◆ Work to be completed ◆
If a line of the data below contains the string "False", copy it into your answer.

───── Dataset ─────

text \<open>Downward induction step: rows \<open>k + l'\<close> with \<open>l' > l\<close> already take the targets \<open>v l'\<close>, so row
  \<open>rs ! l\<close> lands on some \<open>v l'' \<le> v l\<close>; as \<open>N\<close> is decreasing this forces \<open>rs ! l \<ge> k + l\<close>.\<close>

lemma lowered_row_eq:
  fixes N v :: "nat \<Rightarrow> int" and as rs :: "nat list"
  defines "P \<equiv> lower_rows N as rs"
  assumes len: "length as = m" "length rs = m" and dist: "distinct rs"
    and rs_sub: "set rs \<subseteq> {0..<k + m}"
    and targets: "\<forall>l<m. P (rs ! l) \<in> v ` {0..<m}"
    and N_dec: "strict_antimono_on {0..<k + m} N" and v_inc: "strict_mono_on {0..<m} v"
    and as_eq: "\<forall>l<m. int (as ! l) = N (k + l) - v l"
    and inj: "inj_on P {0..<k + m}"
    and "l < m" and above: "\<And>l'. l < l' \<Longrightarrow> l' < m \<Longrightarrow> rs ! l' = k + l'"
  shows "rs ! l = k + l"
proof -
  have P_rs: "P (rs ! l) = N (rs ! l) - int (as ! l)" if "l < m" for l
    unfolding P_def using dist len that by (intro lower_rows_nth) auto
  have rs_nth: "rs ! l < k + m" if "l < m" for l
  proof -
    have "rs ! l \<in> set rs" using that len by simp
    with rs_sub show ?thesis by auto
  qed
  obtain l'' where l'': "l'' < m" "P (rs ! l) = v l''"
    using targets \<open>l < m\<close> by auto
  have "l'' \<le> l"
  proof (rule ccontr)
    assume "\<not> l'' \<le> l"
    then have "P (rs ! l'') = P (rs ! l)"
      using above[of l''] P_rs[of l''] as_eq l'' by simp
    moreover have "rs ! l'' \<in> {0..<k + m}" "rs ! l \<in> {0..<k + m}"
      using rs_nth l''(1) \<open>l < m\<close> by auto
    ultimately have "rs ! l'' = rs ! l"
      using inj by (simp add: inj_on_eq_iff)
    then show False
      using \<open>\<not> l'' \<le> l\<close> dist len l''(1) \<open>l < m\<close> by (simp add: nth_eq_iff_index_eq)
  qed
  then have "v l'' \<le> v l"
    using v_inc l''(1) \<open>l < m\<close> by (auto simp: strict_mono_on_less_eq)
  then have "N (rs ! l) \<le> N (k + l)"
    using P_rs[OF \<open>l < m\<close>] l''(2) as_eq \<open>l < m\<close> by simp
  moreover have "N (k + l) < N (rs ! l)" if "rs ! l < k + l"
    using monotone_onD[OF N_dec, of "rs ! l" "k + l"] that \<open>l < m\<close> by simp
  ultimately have "k + l \<le> rs ! l"
    by (meson leD not_le)
  moreover have "rs ! l \<le> k + l"
  proof (rule ccontr)
    assume "\<not> rs ! l \<le> k + l"
    then have "rs ! (rs ! l - k) = rs ! l"
      using above[of "rs ! l - k"] rs_nth[OF \<open>l < m\<close>] by simp
    then show False
      using \<open>\<not> rs ! l \<le> k + l\<close> dist len rs_nth[OF \<open>l < m\<close>] \<open>l < m\<close>
      by (simp add: nth_eq_iff_index_eq)
  qed
  ultimately show ?thesis
    by simp
qed

lemma lowered_rows_eq_upt:
  fixes N v :: "nat \<Rightarrow> int" and as rs :: "nat list"
  defines "P \<equiv> lower_rows N as rs"
  assumes len: "length as = m" "length rs = m" and dist: "distinct rs"
    and rs_sub: "set rs \<subseteq> {0..<k + m}"
    and targets: "\<forall>l<m. P (rs ! l) \<in> v ` {0..<m}"
    and N_dec: "strict_antimono_on {0..<k + m} N" and v_inc: "strict_mono_on {0..<m} v"
    and as_eq: "\<forall>l<m. int (as ! l) = N (k + l) - v l"
    and inj: "inj_on P {0..<k + m}"
  shows "rs = [k..<k + m]"
proof -
  have "\<forall>l'. n \<le> l' \<and> l' < m \<longrightarrow> rs ! l' = k + l'" if "n \<le> m" for n
    using that
  proof (induction n rule: inc_induct)
    case (step l)
    then have "rs ! l = k + l"
      using lowered_row_eq[OF len dist rs_sub targets[unfolded P_def] N_dec v_inc as_eq
          inj[unfolded P_def]] by simp
    with step.IH show ?case
      by (metis le_neq_implies_less Suc_leI)
  qed simp
  then show ?thesis
    using len by (intro nth_equalityI) auto
qed

lemma pdet_lower_rows_bracket_sum_eq_0:
  fixes R v :: "nat \<Rightarrow> int" and as rs :: "nat list" and g :: nat
  defines "N \<equiv> \<lambda>i. R i + int (g - 1)"
  assumes km: "k + m \<le> g" and len: "length as = m" and rs: "rs \<in> row_lists m g"
    and high: "\<forall>i<k + m. int (g - k) \<le> N i"
    and N_dec: "strict_antimono_on {0..<k + m} N" and v_inc: "strict_mono_on {0..<m} v"
    and targets: "{0..<int (g - k)} \<subseteq> v ` {0..<m} \<union> N ` {k + m..<g}"
    and as_eq: "\<forall>l<m. int (as ! l) = N (k + l) - v l"
    and "rs \<noteq> [k..<k + m]"
  shows "pdet g (lower_rows R as rs) (bracket_sum k x) = 0"
proof (rule ccontr)
  assume nonzero: "pdet g (lower_rows R as rs) (bracket_sum k x) \<noteq> 0"
  define P where "P = lower_rows N as rs"
  have P: "P = (\<lambda>i. lower_rows R as rs i + int (g - 1))"
    unfolding P_def N_def by (rule lower_rows_add_const)
  have inj: "inj_on P {0..<g}"
    using inj_on_rows_if_pdet_nonzero[OF nonzero] by (auto simp: P inj_on_def)
  have cover: "{0..<int (g - k)} \<subseteq> P ` {0..<g}"
    using pdet_bracket_sum_nonzero_covers[OF nonzero] km by (simp add: P)
  have dist: "distinct rs" and rs_sub: "set rs \<subseteq> {0..<k + m}"
    and rs_T: "\<forall>i \<in> set rs. P i \<in> {0..<int (g - k)}"
    using lowered_rows_distinct[OF km rs high inj[unfolded P_def] cover[unfolded P_def]]
    by (simp_all add: P_def)
  have len_rs: "length rs = m"
    using rs by (simp add: row_lists_def)
  have "P (rs ! l) \<in> v ` {0..<m}" if "l < m" for l
  proof -
    have "rs ! l \<in> set rs" using that len_rs by simp
    then have in_T: "P (rs ! l) \<in> {0..<int (g - k)}" and "rs ! l < k + m"
      using rs_T rs_sub by auto
    have "P (rs ! l) \<noteq> N y" if y: "y \<in> {k + m..<g}" for y
    proof
      assume "P (rs ! l) = N y"
      moreover have "y \<notin> set rs" using y rs_sub by auto
      then have "P y = N y" by (simp add: P_def lower_rows_notin)
      moreover have "rs ! l \<in> {0..<g}" "y \<in> {0..<g}"
        using y \<open>rs ! l < k + m\<close> km by auto
      ultimately have "rs ! l = y"
        using inj_onD[OF inj] by metis
      then show False using y \<open>rs ! l < k + m\<close> by simp
    qed
    then show ?thesis
      using in_T targets by blast
  qed
  moreover have "inj_on P {0..<k + m}"
    using inj km by (auto intro: inj_on_subset)
  ultimately have "rs = [k..<k + m]"
    using lowered_rows_eq_upt[OF len len_rs dist rs_sub _ N_dec v_inc as_eq]
    by (simp add: P_def)
  with \<open>rs \<noteq> [k..<k + m]\<close> show False ..
qed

─────

◆ Reply to the exercise ◆
    then show False
    then show False
      then show False using y \<open>rs ! l < k + m\<close> by simp
  with \<open>rs \<noteq> [k..<k + m]\<close> show False ..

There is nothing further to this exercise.